2.2. GC–MS Analysis of Cinnamon Oil Extract (COE)

The COE was prepared and analyzed using GC–MS (Figure S1). Benzyl alcohol, 2-propenal-3-phenyl, hexadecenoic acid, and oleic acid were identified as the major components of the extract being tested, with area percentages of 23.5, 52.1, 8.1, and 7.7%, respectively (Table S1). Adinew [13] extracted Ethiopian cinnamon bark essential oil via a process of hydrodistillation and identified the presence of 2-propenal, 3-phenyl (87.013%), eugenol (9.317%), O-methoxy cinnamic aldehyde (0.236%), α-muurolene (0.133%), naphthalene,1,2,3,4-tetrahydro-1,6-dime (0.195%), tricyclo [3.3.1.0 (2,8)], and nona-3,6-dien-9-on (0.173%). The main compounds in COE are 2-propenal and 3-phenyl, which have been reported as the compound that is most responsible for cinnamon bark’s aroma and therapeutic effect.

2.3. Combination Effect of COE with Some Commonly Used Antibiotics

The interaction of COE with some commonly used antibiotics was evaluated against S. aureus, using the disc-diffusion method. The data shown in Table 3 reveal that the combined action of COE with colistin (COE/C) showed a synergistic effect against S. aureus. Combination therapy has been widely applied in the medical industry to combat multi-drug-resistant microbes [14]. As the public becomes more health-conscious, novel antimicrobials are being sourced from plant-based compounds, such as essential oils, due to their reduced side effects and cost-effectiveness when developed commercially [15]. Only synergistic combinations (FICI ≤ 0.5) have been investigated further regarding their mechanism of action. Si et al. found that 5 of the 11 antibiotic–oregano essential oil combinations demonstrated synergism, whereas the other combinations interacted additively [16]. Van Vuuren et al. [17] examined 25 synergistic essential oil–antibiotic combinations out of 72; of these, 65% demonstrated additivity. Karpanen et al. [18] found that all four combinations of thymol, a plant secondary metabolite, and antibiotics only worked against MRSA. Chovanová et al. [19] performed another antimicrobial screening against MRSA and found that 50% of the plant extracts tested showed synergism with the antibiotic oxacillin, while the other 50% of the extracts being tested interacted additively. In addition, Yap et al. [20] tested 35 combinations of essential oils and antibiotics for synergism against the multi-drug-resistant pathogen Escherichia coli. Of these, only five combinations showed synergism, while the other 30 interacted additively [20]. Due to their high fractional concentrations, none of these synergistic combinations have been tested in clinical trials [21]. Two of the five combinations mentioned in [18] were studied for their modalities of action [22,23]. Yang et al. [24] combined cinnamon oil and meropenem, whereupon the FICI value reached 1 against K. pneumoniae, with a 64-fold FICI reduction in the meropenem dosage.

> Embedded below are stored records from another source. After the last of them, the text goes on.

lemma large_Suc_split:
  assumes sorted: "sorted_wrt (<) gs" and in_X: "set gs \<subseteq> X" and large: "large_list [Suc e] gs"
  shows "\<exists>g0 u v. gs = g0 # u @ v \<and> large_list [e] u \<and> large_list [e] v"
proof -
  obtain g0 gs' where gs: "gs = g0 # gs'" using large by (cases gs) auto
  have "4 \<le> g0" using ge_4 in_X gs by simp
  then have "replicate g0 e = replicate (g0 - 1) e @ [e]"
    by (cases g0) (simp_all add: replicate_append_same)
  then have "large_list (replicate (g0 - 1) e @ [e]) gs'"
    using large gs by (simp add: fund_omega_pow_Suc)
  from large_append_split[OF _ this] obtain i where
    u: "large_list [e] (take i gs')" and rest: "large_list (replicate (g0 - 1) e) (drop i gs')"
    by auto
  have "large_list [e] (drop i gs')"
  proof (rule large_mono_ordinal[OF _ _ _ _ rest])
    have "doubling gs" using doubling_if_sorted sorted in_X by blast
    then show "doubling (drop i gs')" by (simp add: gs)
    show "lexle [e] (replicate (g0 - 1) e)" using \<open>4 \<le> g0\<close> by (cases "g0 - 1") auto
    have "set (drop i gs') \<subseteq> X" using in_X gs set_drop_subset by fastforce
    then show "drop i gs' \<noteq> [] \<longrightarrow> length [e] < hd (drop i gs')" by (rule hd_gt_length_singleton)
  qed simp
  with u show ?thesis using gs by (intro exI[of _ g0] exI[of _ "take i gs'"] exI[of _ "drop i gs'"]) simp
qed

lemma large_blocks_above:
  assumes f0: "f0 \<noteq> []" and sorted: "sorted_wrt (<) (f0 @ Y)" and in_X: "set (f0 @ Y) \<subseteq> X"
    and Y: "large_list [Suc e] Y"
  shows "\<exists>bl. length bl = last f0 \<and> set (concat bl) \<subseteq> set Y \<and> sorted_wrt (<) (f0 @ concat bl) \<and>
    (\<forall>b\<in>set bl. large_list [e] b)"
proof -
  obtain y0 ys where Y_eq: "Y = y0 # ys" using Y by (cases Y) auto
  have sorted_Y: "sorted_wrt (<) (y0 # ys)" using sorted by (simp add: sorted_wrt_append Y_eq)
  have "last f0 < y0" using sorted last_in_set[OF f0] by (simp add: Y_eq sorted_wrt_append)
  have ys_large: "large_list (replicate y0 e) ys"
    using Y by (simp add: Y_eq fund_omega_pow_Suc)
  have ys_doubling: "doubling ys" using doubling_if_sorted sorted_Y in_X by (simp add: Y_eq)
  have ys_hd: "ys \<noteq> [] \<longrightarrow> length (replicate (last f0) e) < hd ys"
    using sorted_Y \<open>last f0 < y0\<close> by (cases ys) auto
  have "large_list (replicate (last f0) e) ys"
    using large_mono_ordinal[OF ys_doubling cnf_replicate lexle_replicate_mono ys_hd ys_large]
      \<open>last f0 < y0\<close> by simp
  from large_replicate_blocks[OF this] obtain bl rest where
    bl: "length bl = last f0" "ys = concat bl @ rest" "\<forall>b\<in>set bl. large_list [e] b"
    by blast
  moreover have "sorted_wrt (<) (f0 @ concat bl)"
    using sorted by (simp add: Y_eq bl(2) sorted_wrt_append)
  moreover have "set (concat bl) \<subseteq> set Y" by (auto simp: Y_eq bl(2))
  ultimately show ?thesis by blast
qed

lemma selection_bound:
  assumes sorted: "sorted_wrt (<) (pre @ concat bs)" and in_X: "set (pre @ concat bs) \<subseteq> X"
    and "pre \<noteq> []" "\<forall>b\<in>set bs. b \<noteq> []" "length bs \<le> last pre" "j < length bs"
  shows "\<exists>M\<in>X. M < hd (bs ! j) \<and> (\<forall>x\<in>set (concat (take j bs)). x \<le> M) \<and> length bs \<le> M"
proof -
  define L where "L = pre @ concat (take j bs)"
  have "pre @ concat bs = L @ concat (drop j bs)"
    unfolding L_def by (metis append_assoc append_take_drop_id concat_append)
  then have sorted_L: "sorted_wrt (<) L" and L_less: "\<forall>x\<in>set L. \<forall>y\<in>set (concat (drop j bs)). x < y"
    using sorted by (simp_all add: sorted_wrt_append)
  have "bs ! j \<noteq> []" using assms(4,6) nth_mem by blast
  then have "hd (bs ! j) \<in> set (concat (drop j bs))"
    using assms(6) by (simp add: Cons_nth_drop_Suc[symmetric])
  moreover have "last L \<in> set L" unfolding L_def using \<open>pre \<noteq> []\<close> by (intro last_in_set) simp
  ultimately have "last L < hd (bs ! j)" using L_less by blast
  moreover have "last L \<in> X" using \<open>last L \<in> set L\<close> in_X set_take_subset[of j bs] by (auto simp: L_def)
  moreover have upper: "\<forall>x\<in>set L. x \<le> last L" using sorted_less_le_last[OF sorted_L] by blast
  then have "\<forall>x\<in>set (concat (take j bs)). x \<le> last L" by (simp add: L_def)
  moreover have "last pre \<in> set L" using \<open>pre \<noteq> []\<close> by (simp add: L_def)
  then have "length bs \<le> last L" using upper assms(5) by fastforce
  ultimately show ?thesis by blast
qed

lemma homogeneous_groups_above:
  assumes f0: "f0 \<noteq> []" and sorted: "sorted_wrt (<) (f0 @ Y)" and in_X: "set (f0 @ Y) \<subseteq> X"
    and Y: "large_list [n + 4] Y"
  shows "\<exists>Fs. length Fs = last f0 \<and> homogeneous_groups [n] P (set Y) Fs"
proof -
  have "large_list [Suc (n + 3)] Y" using Y by (simp add: add.commute)
  from large_blocks_above[OF f0 sorted in_X this] obtain bl where
    bl: "length bl = last f0" "set (concat bl) \<subseteq> set Y" "sorted_wrt (<) (f0 @ concat bl)"
      "\<forall>b\<in>set bl. large_list [n + 3] b"
    by blast
  have bl_X: "set (concat bl) \<subseteq> X" and sorted_cbl: "sorted_wrt (<) (concat bl)"
    using bl(2,3) in_X by (auto simp: sorted_wrt_append)
  have blocks_large: "\<forall>b\<in>set bl. large_list [Suc n] b"
  proof
    fix b assume b: "b \<in> set bl"
    have b_X: "set b \<subseteq> X" using b bl_X by auto
    have "doubling b" using doubling_if_sorted[OF sorted_wrt_concat_elem[OF sorted_cbl b] b_X] .
    show "large_list [Suc n] b"
    proof (rule large_mono_ordinal[OF \<open>doubling b\<close> _ _ hd_gt_length_singleton[OF b_X]])
      show "lexle [Suc n] [n + 3]" by simp
      show "large_list [n + 3] b" using bl(4) b by blast
    qed simp
  qed
  then have "\<forall>b\<in>set bl. b \<noteq> []" by fastforce
  then have "\<forall>j<length bl. \<exists>M\<in>X. M < hd (bl ! j) \<and> (\<forall>x\<in>{} \<union> set (concat (take j bl)). x \<le> M) \<and>
      length bl \<le> M"
    using selection_bound[OF bl(3) _ f0] bl(1) in_X bl_X by simp
  from homogeneous_selection[OF blocks_large sorted_cbl bl_X finite.emptyI empty_subsetI _ this]
  obtain Fs where "length Fs = length bl" and Fs: "homogeneous_groups [n] P (set (concat bl)) Fs"
    by blast
  then show ?thesis using bl(1) homogeneous_groups_mono[OF Fs bl(2)] by auto
qed

lemma large_homogeneous_tail:
  assumes sorted: "sorted_wrt (<) (pre @ w # v)" and in_X: "set (pre @ w # v) \<subseteq> X"
    and "pre \<noteq> []" and large: "large_list [Suc e] (w # v)"
  shows "\<exists>Y. set Y \<subseteq> set v \<and> sorted_wrt (<) Y \<and> large_list [e] Y \<and>
    (\<forall>x\<in>set pre. \<forall>y\<in>set Y. \<forall>y'\<in>set Y. P x y = P x y')"
proof -
  have M: "last pre \<in> X" "last pre < w" "\<forall>x\<in>set pre. x \<le> last pre"
    using last_in_set[OF \<open>pre \<noteq> []\<close>] sorted_less_le_last[of pre] sorted in_X
    by (auto simp: sorted_wrt_append)
  have "sorted_wrt (<) (w # v)" "set (w # v) \<subseteq> X" "set pre \<subseteq> X" "\<forall>x\<in>set pre. x < w"
    using sorted in_X by (auto simp: sorted_wrt_append)
  from large_homogeneous_sublist[OF large this(1,2) finite_set this(3,4) finite.emptyI empty_subsetI _ M]
  show ?thesis by auto
qed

2.4. Synthesis and Characterization of Nanoliposomes

The different COE/colistin-loaded liposomes were synthesized using half-MIC, MIC, and double-MIC values (COE (2, 5, and 10 µg) and colistin (2 and 5 µg), in addition to combined COE and colistin (2 µg COE/2 µg colistin and 5 µg COE/5 µg colistin)). Interestingly, the characterization of the synthesized liposomal formulations (Table 4) revealed that all the nanoformulations exhibited optimum particle sizes ranging from 88.44 to 156.6 nm, with acceptable PDI values in the range of 0.129–0.338. The COE-loaded liposomes 2 had the smallest vesicle size of 91.67 nm among all the loaded liposomes, with a PDI value and zeta potential of 0.143 and −0.129, respectively. Moreover, the colistin-loaded liposomes (2 and 5 µg) possessed comparably low particle sizes, with good PDI and zeta potential values. In the case of the samples combining COE and colistin, the COE/colistin-loaded liposomes (5 µg each) exhibited the smallest particle size, with a PDI value and zeta potential of 0.289 and −19.9, respectively (Figure 1 and Figure 2 and Figure S2 in the Supplementary Materials).
As suggested by Cui et al. [25], liposomes with smaller particle sizes (<200 nm) can achieve a high utilization ratio in terms of the entrapped compound. The surface zeta potential is a vital parameter that characterizes the dispersibility and stability of liposome systems. The higher zeta potential provides a repelling force between the particles, thus increasing the stability of the liposomes [26].

FT-IR Analysis

FT-IR spectroscopy was utilized to evaluate the structural and functional group information regarding correlations with the prepared nanoparticles. The FT-IR spectra of the COE, COE-loaded liposomes, colistin-loaded liposomes, and COE/colistin-loaded liposomes are illustrated in Figure 3. The formation of the loaded liposomes was confirmed by comparing the spectrum of the loaded liposomes with those of the individual components. The FT-IR spectrum of the COE showed a broad band at around 3430 cm1 corresponding to the O–H group, in addition to characteristically intense bands at 1669 cm1 and 1624 cm1, corresponding to cinnamaldehyde C=O and the aromatic C=C groups, respectively. Moreover, the FT-IR analysis of the COE-loaded liposomes revealed two characteristically sharp bands at 2923 and 2852 cm1, which correspond to the lipoid CH2 groups, in addition to a characteristically intense band at 1734 cm1 corresponding to the lipoid C=O group. The FT-IR analysis also showed the disappearance of the C=O band (at 1669 cm1) of the COE, which could be a sign of H-bonding, suggesting the presence of some weak physical interactions between the COE carbonyl group and the lipoid phosphate group [27]. Furthermore, the FT-IR analysis of the colistin-loaded liposomes showed a very broad band at around 3443 cm1, corresponding to the lipoid O–H group overlapping with the NH band of colistin, in addition to the characteristically sharp bands at 1734 cm1 and 1655 cm1 corresponding to the C=O groups of the lipoid and colistin, respectively. However, some of the characteristic COE and colistin bands were masked in the nano-COE/colistin spectrum, suggesting the entrapment of the COE and colistin in the liposomal vesicles [28].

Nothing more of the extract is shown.